@JamesM, Breandan on junior/senior topics: your argument are valid, I changed my mind, you're right. Seniors won't read junior's topics, that's a really good point.
JamesM wrote:but here's my analysis if Turdus cares
I do care about intelligent arguing, indeed.
JamesM wrote:
I think the idea is sound. The aim of the allocator is really to reduce memory usage, and it appears to do a good job of that, so could be used in embedded systems. However:
* The fragmentation is a real issue. You initially stated that fragmentation wouldn't occur, then abated on that argument and stated that it still in worst case doesn't use as much as a stack. OK, that's true, but I think you missed the point in that a stack is not O(n) on deallocation - yours is. So fragmentation matters for your allocator.
With respect, you missed the key part of my allocator. I do know stack is not O(n), but neither is mine. O(n) would mean it scales according to the
number of frames, but my allocator scales according to the
number of fragments, m. O(m) is considerably less than O(n). n is in range of millions, m is around 1000 in the worst case (but let's assume a system with really lot of small randomly exiting tasks, let's say 100000). I also included a guarantee in my freeing code that there'll be space for new fragment at all times allocator is being called:
Code: Select all
if top().base!=address then
//instead of reporting the error you can call defragmenter here
//to make you some space in FIFO by merging blocks
return ERROR
return OK
So fragmentation is not an issue.
JamesM wrote: * The idea of amortizing this by having a background task is good, however you're going to end up in a situation where you have to move physical pages around the place in order to defragment your allocator, which is not a situation you want to be in (note: I make this assumption because without mutation of the physical layout, you quickly get into a scenario where your datastructure is fragmented and can't be fixed further, when there are many holes of used frames).
As I said, missed the key part. To defragment my allocator you move around only pointer+size pairs in the first place, then you can expand fragments area, and finally, when even that's not possible, you move a few physical pages. In that worst case, you're right, that could be time consuming, that's why I have a background task to do it when computer otherwise idle. Still the worst case is several times faster than waiting for disk for swapping for example. You don't move the full memory around, only a few frames that the smaller of two pointer+size pair describes.
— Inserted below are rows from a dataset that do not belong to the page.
lemma unit_vec_in_line: "unit_vec 0 \<in> cvs 1"
  by (simp add: cvs_def unit_vec_def)

lemma line_neq_zero_space: "cvs 1 \<noteq> {0}"
proof
  assume "cvs 1 = {0}"
  then have "unit_vec 0 0 = 0"
    using unit_vec_in_line by simp
  then show False by (simp add: unit_vec_def)
qed

lemma mat_app_zero: "mat_app m k N 0 = 0"
  by (auto simp: mat_app_def)

lemma dimvec_le_if_subrep:
  assumes "subrep A s t d M U"
  shows "dimvec U i \<le> d i"
  using assms dim_le_if_subset_cvs unfolding subrep_def dimvec_def by blast

lemma dimvec_eq_iff_full_if_subrep:
  assumes "subrep A s t d M U"
  shows "dimvec U = d \<longleftrightarrow> U = (\<lambda>i. cvs (d i))"
proof
  assume "dimvec U = d"
  then have "U i = cvs (d i)" for i
    using assms subspace_eq_cvs_if_dim_eq unfolding subrep_def dimvec_def by (metis fun_cong)
  then show "U = (\<lambda>i. cvs (d i))" ..
qed (simp add: dimvec_def dim_cvs)

lemma framing_arrow_in_img_f:
  assumes "k < n i" "v \<in> cvs 1"
  shows "mat_app (d i) 1 (\<lambda>j l. f i j k) v \<in> img_f d n f i"
proof -
  define w :: "nat \<Rightarrow> complex" where "w = (\<lambda>l. if l = k then v 0 else 0)"
  have "w \<in> cvs (n i)"
    using assms(1) by (auto simp: w_def cvs_def)
  moreover have "mat_app (d i) 1 (\<lambda>j l. f i j k) v = mat_app (d i) (n i) (f i) w"
    using assms(1) by (auto simp: mat_app_def w_def if_distrib cong: if_cong)
  ultimately show ?thesis by (auto simp: img_f_def)
qed

lemma img_f_subset_if_framing_arrows:
  assumes "csubspace X"
    and "\<And>k. k < n i \<Longrightarrow> mat_app (d i) 1 (\<lambda>j l. f i j k) (unit_vec 0) \<in> X"
  shows "img_f d n f i \<subseteq> X"
proof
  fix x assume "x \<in> img_f d n f i"
  then obtain w where x: "x = mat_app (d i) (n i) (f i) w"
    by (auto simp: img_f_def)
  have "x = (\<Sum>k<n i. fscale (w k) (mat_app (d i) 1 (\<lambda>j l. f i j k) (unit_vec 0)))"
    by (simp add: x sum_fun_apply fscale_def mat_app_def unit_vec_def mult.commute fun_eq_iff)
  also have "\<dots> \<in> X"
    by (intro V.subspace_sum[OF assms(1)] V.subspace_scale[OF assms(1)] assms(2)) auto
  finally show "x \<in> X" .
qed

lemma subrep_framedD:
  assumes W: "subrep (fr_arrows A n) (fr_src s) (fr_tgt t) (fr_dim d) (fr_rep M f) W"
  shows "subrep A s t d M (W \<circ> Some)"
    and "W None = {0} \<or> W None = cvs 1 \<and> (\<forall>i. img_f d n f i \<subseteq> W (Some i))"
proof -
  have sub: "csubspace (W x)" "W x \<subseteq> cvs (fr_dim d x)" for x
    using W unfolding subrep_def by blast+
  have arrow: "mat_app (fr_dim d (fr_tgt t a)) (fr_dim d (fr_src s a)) (fr_rep M f a) v
      \<in> W (fr_tgt t a)" if "a \<in> fr_arrows A n" "v \<in> W (fr_src s a)" for a v
    using W that unfolding subrep_def by blast
  show "subrep A s t d M (W \<circ> Some)"
    unfolding subrep_def
  proof (intro conjI allI ballI)
    fix i show "csubspace ((W \<circ> Some) i)" "(W \<circ> Some) i \<subseteq> cvs (d i)"
      using sub[of "Some i"] by (simp_all add: fr_dim_def)
  next
    fix a v assume "a \<in> A" "v \<in> (W \<circ> Some) (s a)"
    then show "mat_app (d (t a)) (d (s a)) (M a) v \<in> (W \<circ> Some) (t a)"
      using arrow[of "Inl a" v] by (simp add: fr_arrows_def fr_dim_def)
  qed
  show "W None = {0} \<or> W None = cvs 1 \<and> (\<forall>i. img_f d n f i \<subseteq> W (Some i))"
  proof (cases "W None = {0}")
    case False
    then have line: "W None = cvs 1"
      using subspace_of_line_cases[OF sub(1), of None] sub(2)[of None] by (simp add: fr_dim_def)
    have "img_f d n f i \<subseteq> W (Some i)" for i
    proof (rule img_f_subset_if_framing_arrows[OF sub(1)])
      fix k assume "k < n i"
      then show "mat_app (d i) 1 (\<lambda>j l. f i j k) (unit_vec 0) \<in> W (Some i)"
        using arrow[of "Inr (i, k)" "unit_vec 0"] unit_vec_in_line line
        by (simp add: fr_arrows_def fr_dim_def)
    qed
    then show ?thesis using line by blast
  qed simp
qed

lemma subrep_framedI:
  assumes U: "subrep A s t d M (W \<circ> Some)"
    and frame: "W None = {0} \<or> W None = cvs 1 \<and> (\<forall>i. img_f d n f i \<subseteq> W (Some i))"
  shows "subrep (fr_arrows A n) (fr_src s) (fr_tgt t) (fr_dim d) (fr_rep M f) W"
  unfolding subrep_def
proof (intro conjI allI ballI)
  have "csubspace (W None) \<and> W None \<subseteq> cvs 1"
    using frame subspace_zero_space subspace_cvs by (auto simp: cvs_def)
  then show "csubspace (W x)" "W x \<subseteq> cvs (fr_dim d x)" for x
    using U unfolding subrep_def by (cases x; simp add: fr_dim_def)+
next
  fix a v assume a: "a \<in> fr_arrows A n" and v: "v \<in> W (fr_src s a)"
  show "mat_app (fr_dim d (fr_tgt t a)) (fr_dim d (fr_src s a)) (fr_rep M f a) v \<in> W (fr_tgt t a)"
  proof (cases a)
    case (Inl b)
    then show ?thesis using U a v unfolding subrep_def by (auto simp: fr_arrows_def fr_dim_def)
  next
    case (Inr p)
    then obtain i k where a_eq: "a = Inr (i, k)" and k: "k < n i"
      using a by (auto simp: fr_arrows_def)
    from frame consider "W None = {0}" | "W None = cvs 1" "img_f d n f i \<subseteq> W (Some i)"
      by blast
    then show ?thesis
    proof cases
      case 1
      then show ?thesis
        using U a_eq v V.subspace_0 unfolding subrep_def by (auto simp: mat_app_zero)
    next
      case 2
      then show ?thesis
        using framing_arrow_in_img_f[of k n i v d f] k v a_eq by (auto simp: fr_dim_def)
    qed
  qed
qed

lemma fval_fr_theta:
  "fval (fr_theta C \<Theta> \<kappa> d) e
     = C * fval \<Theta> (e \<circ> Some) - fval \<kappa> (e \<circ> Some) + int (e None) * fval \<kappa> d"
proof -
  have "fval (fr_theta C \<Theta> \<kappa> d) e
      = fval \<kappa> d * int (e None) + (\<Sum>i\<in>UNIV. (C * \<Theta> i - \<kappa> i) * int (e (Some i)))"
    unfolding fval_def[of "fr_theta C \<Theta> \<kappa> d"] UNIV_option_conv
    by (subst sum.insert) (auto simp: sum.reindex fr_theta_def)
  also have "(\<Sum>i\<in>UNIV. (C * \<Theta> i - \<kappa> i) * int (e (Some i)))
      = C * fval \<Theta> (e \<circ> Some) - fval \<kappa> (e \<circ> Some)"
    unfolding fval_def by (simp add: sum_subtractf sum_distrib_left algebra_simps)
  finally show ?thesis by simp
qed

lemma dimvec_comp_Some: "dimvec W \<circ> Some = dimvec (W \<circ> Some)"
  by (auto simp: dimvec_def)

lemma fval_diff:
  assumes "\<And>i. e i \<le> d i"
  shows "fval \<kappa> d - fval \<kappa> e = fval \<kappa> (\<lambda>i. d i - e i)"
  unfolding fval_def using assms by (simp add: sum_subtractf[symmetric] algebra_simps of_nat_diff)

lemma positive_functional_coeff_pos: "positive_functional \<kappa> \<Longrightarrow> 0 < \<kappa> i"
proof -
  assume "positive_functional \<kappa>"
  moreover have "(\<lambda>j. if j = i then 1 else 0 :: nat) \<noteq> (\<lambda>_. 0)"
    by (metis one_neq_zero)
  ultimately have "0 < fval \<kappa> (\<lambda>j. if j = i then 1 else 0)"
    unfolding positive_functional_def by blast
  then show "0 < \<kappa> i"
    unfolding fval_def by (simp add: if_distrib cong: if_cong)
qed

lemma positive_functional_nonneg: "positive_functional \<kappa> \<Longrightarrow> 0 \<le> fval \<kappa> e"
  unfolding fval_def by (intro sum_nonneg) (simp add: less_imp_le positive_functional_coeff_pos)

lemma positive_functional_strict_mono:
  assumes "positive_functional \<kappa>" "\<And>i. e i \<le> d i" "e \<noteq> d"
  shows "fval \<kappa> e < fval \<kappa> d"
proof -
  have "(\<lambda>i. d i - e i) \<noteq> (\<lambda>_. 0)"
    using assms(2,3) by (metis diff_is_0_eq le_antisym ext)
  then have "0 < fval \<kappa> (\<lambda>i. d i - e i)"
    using assms(1) unfolding positive_functional_def by blast
  then show ?thesis using fval_diff[of e d \<kappa>] assms(2) by simp
qed

lemma positive_functional_mono:
  assumes "positive_functional \<kappa>" "\<And>i. e i \<le> d i"
  shows "fval \<kappa> e \<le> fval \<kappa> d"
  using positive_functional_strict_mono[of \<kappa> e d] assms by (cases "e = d") auto

lemma gcd_fun_dvd_fval: "gcd_fun \<Theta> dvd fval \<Theta> e"
  unfolding fval_def gcd_fun_def by (intro dvd_sum dvd_mult2 Gcd_dvd) auto

context
  fixes \<Theta> \<kappa> :: "'v::finite \<Rightarrow> int" and C :: int and d :: "'v \<Rightarrow> nat"
  assumes C_pos: "0 < C" and \<kappa>_pos: "positive_functional \<kappa>"
    and \<kappa>_d_small: "fval \<kappa> d < C * gcd_fun \<Theta>"
begin

lemma kappa_d_less_C_theta:
  assumes "0 < fval \<Theta> e"
  shows "fval \<kappa> d < C * fval \<Theta> e"
proof -
  have "gcd_fun \<Theta> \<le> fval \<Theta> e"
    using zdvd_imp_le[OF gcd_fun_dvd_fval[of \<Theta> e] assms] .
  then have "C * gcd_fun \<Theta> \<le> C * fval \<Theta> e"
    using C_pos by (simp add: mult_left_mono)
  then show ?thesis using \<kappa>_d_small by linarith
qed

lemma C_theta_plus_kappa_d_neg:
  assumes "fval \<Theta> e < 0"
  shows "C * fval \<Theta> e + fval \<kappa> d < 0"
proof -
  have "gcd_fun \<Theta> \<le> - fval \<Theta> e"
    using zdvd_imp_le[of "gcd_fun \<Theta>" "- fval \<Theta> e"] gcd_fun_dvd_fval[of \<Theta> e] assms by simp
  then have "C * gcd_fun \<Theta> \<le> C * (- fval \<Theta> e)"
    using C_pos by (intro mult_left_mono) auto
  then show ?thesis using \<kappa>_d_small by linarith
qed

lemma unframed_nonpos_iff:
  assumes "\<And>i. e i \<le> d i"
  shows "C * fval \<Theta> e - fval \<kappa> e \<le> 0 \<longleftrightarrow> fval \<Theta> e \<le> 0"
proof (cases "fval \<Theta> e \<le> 0")
  case True
  then have "C * fval \<Theta> e \<le> 0"
    using C_pos by (simp add: mult_le_0_iff)
  then show ?thesis
    using True positive_functional_nonneg[OF \<kappa>_pos, of e] by linarith
next
  case False
  then show ?thesis
    using kappa_d_less_C_theta[of e] positive_functional_mono[of \<kappa> e d, OF \<kappa>_pos assms]
    by linarith
qed

lemma framed_nonpos_iff:
  assumes "\<And>i. e i \<le> d i" "e \<noteq> d"
  shows "C * fval \<Theta> e - fval \<kappa> e + fval \<kappa> d \<le> 0 \<longleftrightarrow> fval \<Theta> e < 0"
proof (cases "fval \<Theta> e < 0")
  case True
  then show ?thesis
    using C_theta_plus_kappa_d_neg[of e] positive_functional_nonneg[OF \<kappa>_pos, of e] by linarith
next
  case False
  then have "0 \<le> C * fval \<Theta> e"
    using C_pos by simp
  then show ?thesis
    using False positive_functional_strict_mono[of \<kappa> e d, OF \<kappa>_pos assms] by linarith
qed

lemma fr_theta_coprime: "theta_coprime (fr_theta C \<Theta> \<kappa> d) (fr_dim d)"
  unfolding theta_coprime_def
proof (intro allI impI)
  fix e :: "'v option \<Rightarrow> nat"
  assume e: "e \<noteq> (\<lambda>_. 0) \<and> (\<forall>x. e x \<le> fr_dim d x) \<and> e \<noteq> fr_dim d"
  let ?e = "e \<circ> Some"
  have le: "?e i \<le> d i" for i
    using e by (metis comp_apply fr_dim_def option.simps(5))
  have "e None \<le> 1"
    using e by (metis fr_dim_def option.simps(4))
  then consider "e None = 0" | "e None = 1" by linarith
  then show "fval (fr_theta C \<Theta> \<kappa> d) e \<noteq> 0"
  proof cases
    case 1
    have "?e \<noteq> (\<lambda>_. 0)"
    proof
      assume "?e = (\<lambda>_. 0)"
      then have "e x = 0" for x
        using 1 by (cases x) (auto simp: fun_eq_iff)
      then show False using e by auto
    qed
    then have "0 < fval \<kappa> ?e"
      using \<kappa>_pos unfolding positive_functional_def by blast
    moreover have "fval (fr_theta C \<Theta> \<kappa> d) e = C * fval \<Theta> ?e - fval \<kappa> ?e"
      using 1 by (simp add: fval_fr_theta)
    moreover have "C * fval \<Theta> ?e \<le> 0" if "fval \<Theta> ?e \<le> 0"
      using that C_pos by (simp add: mult_le_0_iff)
    ultimately show ?thesis
      using unframed_nonpos_iff[of ?e, OF le] by linarith
  next
    case 2
    have "?e \<noteq> d"
    proof
      assume "?e = d"
      then have "e x = fr_dim d x" for x
        using 2 by (cases x) (auto simp: fun_eq_iff fr_dim_def)
      then show False using e by auto
    qed
    moreover have "fval (fr_theta C \<Theta> \<kappa> d) e = C * fval \<Theta> ?e - fval \<kappa> ?e + fval \<kappa> d"
      using 2 by (simp add: fval_fr_theta)
    ultimately show ?thesis
      using framed_nonpos_iff[of ?e, OF le] C_theta_plus_kappa_d_neg[of ?e]
        positive_functional_nonneg[OF \<kappa>_pos, of ?e] by linarith
  qed
qed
Examples to make this clear (let's say you have space for 3 fragments):
(0,2), (3,1),(2,1) -> (0,2),(2,1),(3,1) -> (0,4) no need for moving frames
(0,2),(3,5),(10,3) -> (1,7),(10,3) you have to move 2 frames only
JamesM wrote: * Notwithstanding the amount of copying that has to go on, this will involve a lot of locking. You'll have to stop mutation of a frame while you're copying it, which will mean your defragmentation thread will need to interact with the scheduler and even without being slow, it's a massive layering violation.
That's true, you'll need lock, but not a lot, only one to protect the fragments area. Since physical memory allocators usually has at least one lock, I don't see it's bad. Allocating a frame requires only a few cpu cycles more than stack allocator, freeing too. If there's no more space for fragments then yes, locking could block some threads long, but isn't that the case with swapping? While you're waiting for the disk to write out a frame and make space, further threads trying to allocate physical memory will be blocked.
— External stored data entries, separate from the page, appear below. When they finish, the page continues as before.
definition scdt_comb :: "real \<Rightarrow> scdt_val \<Rightarrow> scdt_val \<Rightarrow> scdt_val" where
  "scdt_comb l A B = (case A of (a1, a2, a3, a4) \<Rightarrow> case B of (b1, b2, b3, b4) \<Rightarrow>
     ((\<lambda>x. l * a1 x + (1 - l) * b1 x), l * a2 + (1 - l) * b2,
      (\<lambda>x. l * a3 x + (1 - l) * b3 x), l * a4 + (1 - l) * b4))"

definition rscdt_comb :: "real \<Rightarrow> (real \<Rightarrow> scdt_val) \<Rightarrow> (real \<Rightarrow> scdt_val) \<Rightarrow> real \<Rightarrow> scdt_val" where
  "rscdt_comb l A B = (\<lambda>\<theta>. scdt_comb l (A \<theta>) (B \<theta>))"

definition rscdt_convex :: "(real \<Rightarrow> scdt_val) set \<Rightarrow> bool" where
  "rscdt_convex S \<longleftrightarrow> (\<forall>A\<in>S. \<forall>B\<in>S. \<forall>l\<in>{0..1}. rscdt_comb l A B \<in> S)"

definition GR :: "family set" where
  "GR = {g. (\<forall>\<theta>\<in>{0..pi}. strict_mono (g \<theta>) \<and> bij (g \<theta>) \<and> (\<forall>t. g \<theta> differentiable (at t)))
           \<and> (\<forall>\<theta>. \<theta> \<notin> {0..pi} \<longrightarrow> g \<theta> = id)}"

definition fam_comp :: "family \<Rightarrow> family \<Rightarrow> family" (infixl "\<star>" 70) where
  "g \<star> h = (\<lambda>\<theta>. g \<theta> \<circ> h \<theta>)"

definition fam_id :: family where
  "fam_id = (\<lambda>\<theta>. id)"
(* Let $A\in\mathfrak S'_n$ be a matrix with entries in $\mathbb{Z}[\sqrt2]$ whose diagonal entries all lie in $\mathbb{Z}$, and let $G$ be its associated weighted graph. Then every cycle of $G$ contains an even number of edges of weight $\pm\sqrt2$. Hence $A\in\mathfrak S_n$.
   Context: Let $\mathcal R$ be the compositum of all real quadratic integer rings. For a symmetric $\mathcal R$-matrix $A$, let $L_A$ be the smallest normal extension of $\mathbb{Q}$ containing all entries of $A$. $\mathfrak S'_n$ is the set of $n\times n$ indecomposable symmetric $\mathcal R$-matrices $A$ such that for every $\sigma\in\operatorname{Gal}(L_A/\mathbb{Q})$ all eigenvalues of $\sigma(A)$ ($\sigma$ applied entrywise) lie in $[-2,2]$; $\mathfrak S_n$ is the subset of those with characteristic polynomial in $\mathbb{Z}[x]$. A matrix is indecomposable if its underlying graph is connected. The associated weighted graph $G$ of a symmetric matrix $A=(a_{uv})$ has vertex set the indices, an edge $uv$ ($u\ne v$) of weight $a_{uv}$ whenever $a_{uv}\neq0$, and charge $a_{vv}$ at vertex $v$; a cycle of $G$ is a cycle in this underlying simple graph. *)

theory Defs
  imports "Jordan_Normal_Form.Char_Poly" "HOL-Computational_Algebra.Polynomial"
begin

definition zsqrt2_mat :: "nat \<Rightarrow> (nat \<Rightarrow> nat \<Rightarrow> int) \<Rightarrow> (nat \<Rightarrow> nat \<Rightarrow> int) \<Rightarrow> real mat" where
  "zsqrt2_mat n p q = mat n n (\<lambda>(i,j). of_int (p i j) + sqrt 2 * of_int (q i j))"

definition zsqrt2_conj_mat :: "nat \<Rightarrow> (nat \<Rightarrow> nat \<Rightarrow> int) \<Rightarrow> (nat \<Rightarrow> nat \<Rightarrow> int) \<Rightarrow> real mat" where
  "zsqrt2_conj_mat n p q = mat n n (\<lambda>(i,j). of_int (p i j) - sqrt 2 * of_int (q i j))"

definition symmetric_mat :: "real mat \<Rightarrow> bool" where
  "symmetric_mat A \<longleftrightarrow> A \<in> carrier_mat (dim_row A) (dim_row A) \<and>
     (\<forall>i < dim_row A. \<forall>j < dim_row A. A $$ (i,j) = A $$ (j,i))"

definition adj :: "real mat \<Rightarrow> nat \<Rightarrow> nat \<Rightarrow> bool" where
  "adj A u v \<longleftrightarrow> u < dim_row A \<and> v < dim_row A \<and> u \<noteq> v \<and> A $$ (u,v) \<noteq> 0"

definition indecomposable :: "real mat \<Rightarrow> bool" where
  "indecomposable A \<longleftrightarrow>
     (\<forall>u < dim_row A. \<forall>v < dim_row A. (u, v) \<in> {(x,y). adj A x y}\<^sup>*)"

definition eigs_in_interval :: "real mat \<Rightarrow> bool" where
  "eigs_in_interval A \<longleftrightarrow>
     (\<forall>\<mu>. eigenvalue (map_mat complex_of_real A) \<mu> \<longrightarrow> \<mu> \<in> \<real> \<and> -2 \<le> Re \<mu> \<and> Re \<mu> \<le> 2)"

definition is_cycle :: "real mat \<Rightarrow> nat list \<Rightarrow> bool" where
  "is_cycle A c \<longleftrightarrow> length c \<ge> 3 \<and> distinct c \<and>
     (\<forall>t < length c. adj A (c ! t) (c ! ((t + 1) mod length c)))"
As for the defragmenter and scheduler interaction, I could avoid that completely. I have several priority queues, and the lowest priority queue has only one thread, the idle. The priority level before that, is called "system housekeeping", and it's threads never scheduled if there's any thread in higher queues waiting. Furthermore, this queue uses cooperative multitasking, if a thread is chosen from that queue, preemption won't happen until it blocks. So scheduler can handle it of it's own, no need to interact with defragmenter. You may say it's a possibility that there'll be always threads waiting in higher queues, but it's not a problem because:
1. most systems running idle in the 90% of their time (or even more. On desktops 99% is not rare).
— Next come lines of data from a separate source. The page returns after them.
(* Let $n$ be a positive integer and suppose there exist two mutually orthogonal latin squares of order $n$ that have a common transversal. Let $\rho$ be an integer with $1 \le \rho \le n$. Then there exists a $(3n+\rho,4)$-packing with exactly $n\rho + D(\rho,4)$ blocks in which the largest partial parallel class has size $\rho$.
   Context: For integers $v \ge k \ge 2$, a $(v,k)$-packing is a pair $(X,\mathcal{B})$ where $X$ is a set of $v$ points and $\mathcal{B}$ is a set of $k$-subsets of $X$ (blocks) such that every pair of distinct points lies in at most one block. For integers $m \ge 0$, $D(m,k)$ denotes the maximum number of $k$-subsets of an $m$-set such that every pair of points lies in at most one of them (so $D(m,k)=0$ if $m<k$). A partial parallel class (PPC) is a set of pairwise disjoint blocks; its size is the number of blocks. "The largest PPC has size $\rho$" means the packing has a PPC of size $\rho$ but none of size $\rho+1$. A transversal of a latin square of order $n$ is a set of $n$ cells, one in each row and each column, containing $n$ distinct symbols; a common transversal of several latin squares is a set of cells that is a transversal of each of them. *)

theory Defs
  imports Main
begin

definition latin_square :: "nat \<Rightarrow> (nat \<Rightarrow> nat \<Rightarrow> nat) \<Rightarrow> bool" where
  "latin_square n L \<longleftrightarrow>
     (\<forall>i<n. \<forall>j<n. L i j < n) \<and>
     (\<forall>i<n. inj_on (\<lambda>j. L i j) {0..<n}) \<and>
     (\<forall>j<n. inj_on (\<lambda>i. L i j) {0..<n})"

definition orthogonal_ls :: "nat \<Rightarrow> (nat \<Rightarrow> nat \<Rightarrow> nat) \<Rightarrow> (nat \<Rightarrow> nat \<Rightarrow> nat) \<Rightarrow> bool" where
  "orthogonal_ls n L1 L2 \<longleftrightarrow>
     inj_on (\<lambda>(i, j). (L1 i j, L2 i j)) ({0..<n} \<times> {0..<n})"

definition MOLS2 :: "nat \<Rightarrow> (nat \<Rightarrow> nat \<Rightarrow> nat) \<Rightarrow> (nat \<Rightarrow> nat \<Rightarrow> nat) \<Rightarrow> bool" where
  "MOLS2 n L1 L2 \<longleftrightarrow> latin_square n L1 \<and> latin_square n L2 \<and> orthogonal_ls n L1 L2"

definition transversal :: "nat \<Rightarrow> (nat \<Rightarrow> nat \<Rightarrow> nat) \<Rightarrow> (nat \<times> nat) set \<Rightarrow> bool" where
  "transversal n L T \<longleftrightarrow>
     T \<subseteq> {0..<n} \<times> {0..<n} \<and> card T = n \<and>
     (\<forall>i<n. \<exists>!j. (i, j) \<in> T) \<and>
     (\<forall>j<n. \<exists>!i. (i, j) \<in> T) \<and>
     card ((\<lambda>(i, j). L i j) ` T) = n"

definition packing :: "'a set \<Rightarrow> nat \<Rightarrow> 'a set set \<Rightarrow> bool" where
  "packing X k B \<longleftrightarrow> finite X \<and>
     (\<forall>b\<in>B. b \<subseteq> X \<and> card b = k) \<and>
     (\<forall>x y. x \<noteq> y \<longrightarrow> card {b \<in> B. x \<in> b \<and> y \<in> b} \<le> 1)"

definition D :: "nat \<Rightarrow> nat \<Rightarrow> nat" where
  "D m k = Max {card B | B. packing ({0..<m} :: nat set) k B}"

definition PPC :: "'a set set \<Rightarrow> 'a set set \<Rightarrow> bool" where
  "PPC B P \<longleftrightarrow> P \<subseteq> B \<and> (\<forall>b\<in>P. \<forall>c\<in>P. b \<noteq> c \<longrightarrow> b \<inter> c = {})"

definition largest_PPC_size :: "'a set set \<Rightarrow> nat \<Rightarrow> bool" where
  "largest_PPC_size B r \<longleftrightarrow>
     (\<exists>P. PPC B P \<and> card P = r) \<and> \<not> (\<exists>P. PPC B P \<and> card P = r + 1)"

end

theory Submission
  imports Defs
begin

text \<open>Two MOLS of order n form an orthogonal array OA(4, n): the rows (r, i, L1 r i, L2 r i) agree
  pairwise in at most one coordinate. Placing each coordinate in its own group of points gives a
  transversal design TD(4, n); keep only the n \<rho> blocks through the first \<rho> points of the row
  group. These \<rho> points form a hole met by every block in exactly one point, so the hole can be
  filled with a maximum (\<rho>, 4)-packing, giving n \<rho> + D(\<rho>, 4) blocks. Since every block meets
  the hole, a partial parallel class has at most \<rho> blocks, and the common transversal,
  restricted to the first \<rho> rows, supplies \<rho> pairwise disjoint blocks.\<close>

lemma packing_iff_pairwise_inter:
  "packing X k B \<longleftrightarrow> finite X \<and> (\<forall>b\<in>B. b \<subseteq> X \<and> card b = k) \<and>
     (\<forall>b\<in>B. \<forall>c\<in>B. b \<noteq> c \<longrightarrow> card (b \<inter> c) \<le> 1)"
proof (cases "finite X \<and> (\<forall>b\<in>B. b \<subseteq> X \<and> card b = k)")
  case True
  then have "finite B" and "\<And>b. b \<in> B \<Longrightarrow> finite b"
    by (auto intro: finite_subset[of B "Pow X"] finite_subset)
  then have "(\<forall>x y. x \<noteq> y \<longrightarrow> card {b \<in> B. x \<in> b \<and> y \<in> b} \<le> 1) \<longleftrightarrow>
             (\<forall>b\<in>B. \<forall>c\<in>B. b \<noteq> c \<longrightarrow> card (b \<inter> c) \<le> 1)"
    by (auto simp: card_le_Suc0_iff_eq) blast+
  with True show ?thesis
    unfolding packing_def by blast
qed (auto simp: packing_def)

lemma packing_Un:
  assumes "packing X k A" and "packing Y k B" and "finite Z" and "X \<subseteq> Z" and "Y \<subseteq> Z"
    and cross: "\<And>a b. a \<in> A \<Longrightarrow> b \<in> B \<Longrightarrow> card (a \<inter> b) \<le> 1"
  shows "packing Z k (A \<union> B)"
proof -
  have "\<forall>b\<in>A. b \<subseteq> X \<and> card b = k" "\<forall>b\<in>B. b \<subseteq> Y \<and> card b = k"
    and inner: "\<forall>b\<in>A. \<forall>c\<in>A. b \<noteq> c \<longrightarrow> card (b \<inter> c) \<le> 1"
      "\<forall>b\<in>B. \<forall>c\<in>B. b \<noteq> c \<longrightarrow> card (b \<inter> c) \<le> 1"
    using assms(1,2) unfolding packing_iff_pairwise_inter by simp_all
  with \<open>X \<subseteq> Z\<close> \<open>Y \<subseteq> Z\<close> have "\<forall>b\<in>A \<union> B. b \<subseteq> Z \<and> card b = k"
    by blast
  moreover have "card (b \<inter> c) \<le> 1" if "b \<in> A \<union> B" "c \<in> A \<union> B" "b \<noteq> c" for b c
    using that inner cross[of b c] cross[of c b] by (auto simp: Int_commute)
  ultimately show ?thesis
    using \<open>finite Z\<close> unfolding packing_iff_pairwise_inter by blast
qed

lemma packing_finite: "packing X k B \<Longrightarrow> finite B"
  unfolding packing_def by (auto intro: finite_subset[of B "Pow X"])

lemma D_attained:
  obtains B where "packing {0..<m} k B" "card B = D m k"
proof -
  let ?S = "{card B | B. packing ({0..<m} :: nat set) k B}"
  have "?S \<subseteq> card ` Pow (Pow {0..<m})"
    unfolding packing_def by auto
  then have "finite ?S"
    by (rule finite_subset) simp
  moreover have "packing {0..<m} k {}"
    unfolding packing_def by simp
  then have "?S \<noteq> {}"
    by blast
  ultimately have "D m k \<in> ?S"
    unfolding D_def by (rule Max_in)
  with that show ?thesis
    by auto
qed

lemma PPC_card_le:
  assumes "PPC B P" and "finite S" and meets: "\<And>b. b \<in> B \<Longrightarrow> b \<inter> S \<noteq> {}"
  shows "card P \<le> card S"
proof (rule card_le_if_inj_on_rel[where r = "\<lambda>b x. x \<in> b"])
  have "P \<subseteq> B" and disjoint: "\<And>b c. b \<in> P \<Longrightarrow> c \<in> P \<Longrightarrow> b \<noteq> c \<Longrightarrow> b \<inter> c = {}"
    using assms(1) unfolding PPC_def by auto
  show "\<exists>x. x \<in> S \<and> x \<in> b" if "b \<in> P" for b
    using meets[of b] \<open>P \<subseteq> B\<close> that by auto
  show "b = c" if "b \<in> P" "c \<in> P" "x \<in> b" "x \<in> c" for b c x
    using disjoint[of b c] that by auto
qed (fact assms(2))

lemma latin_square_less:
  assumes "latin_square n L" "i < n" "j < n"
  shows "L i j < n"
  using assms unfolding latin_square_def by simp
2. if it happens that defragmenter is not scheduled, the free function will force defragmentation before it releases the lock, so any time allocator called it can be sure that there's space for one more fragment (but most likely it will use an existing pointer+size pair, and won't need new anyway).
Now, my understanding of your algorithm may have got muddled with all the replies I read, but those are my major observations. In embedded systems where memory footprint is paramount, perhaps your system could have real benefit.
You say you have it working in situ in your kernel. I therefore wonder how you got around the "shunting memory around to defragment your allocator" problem I mentioned above in practice. I'd be interested to know.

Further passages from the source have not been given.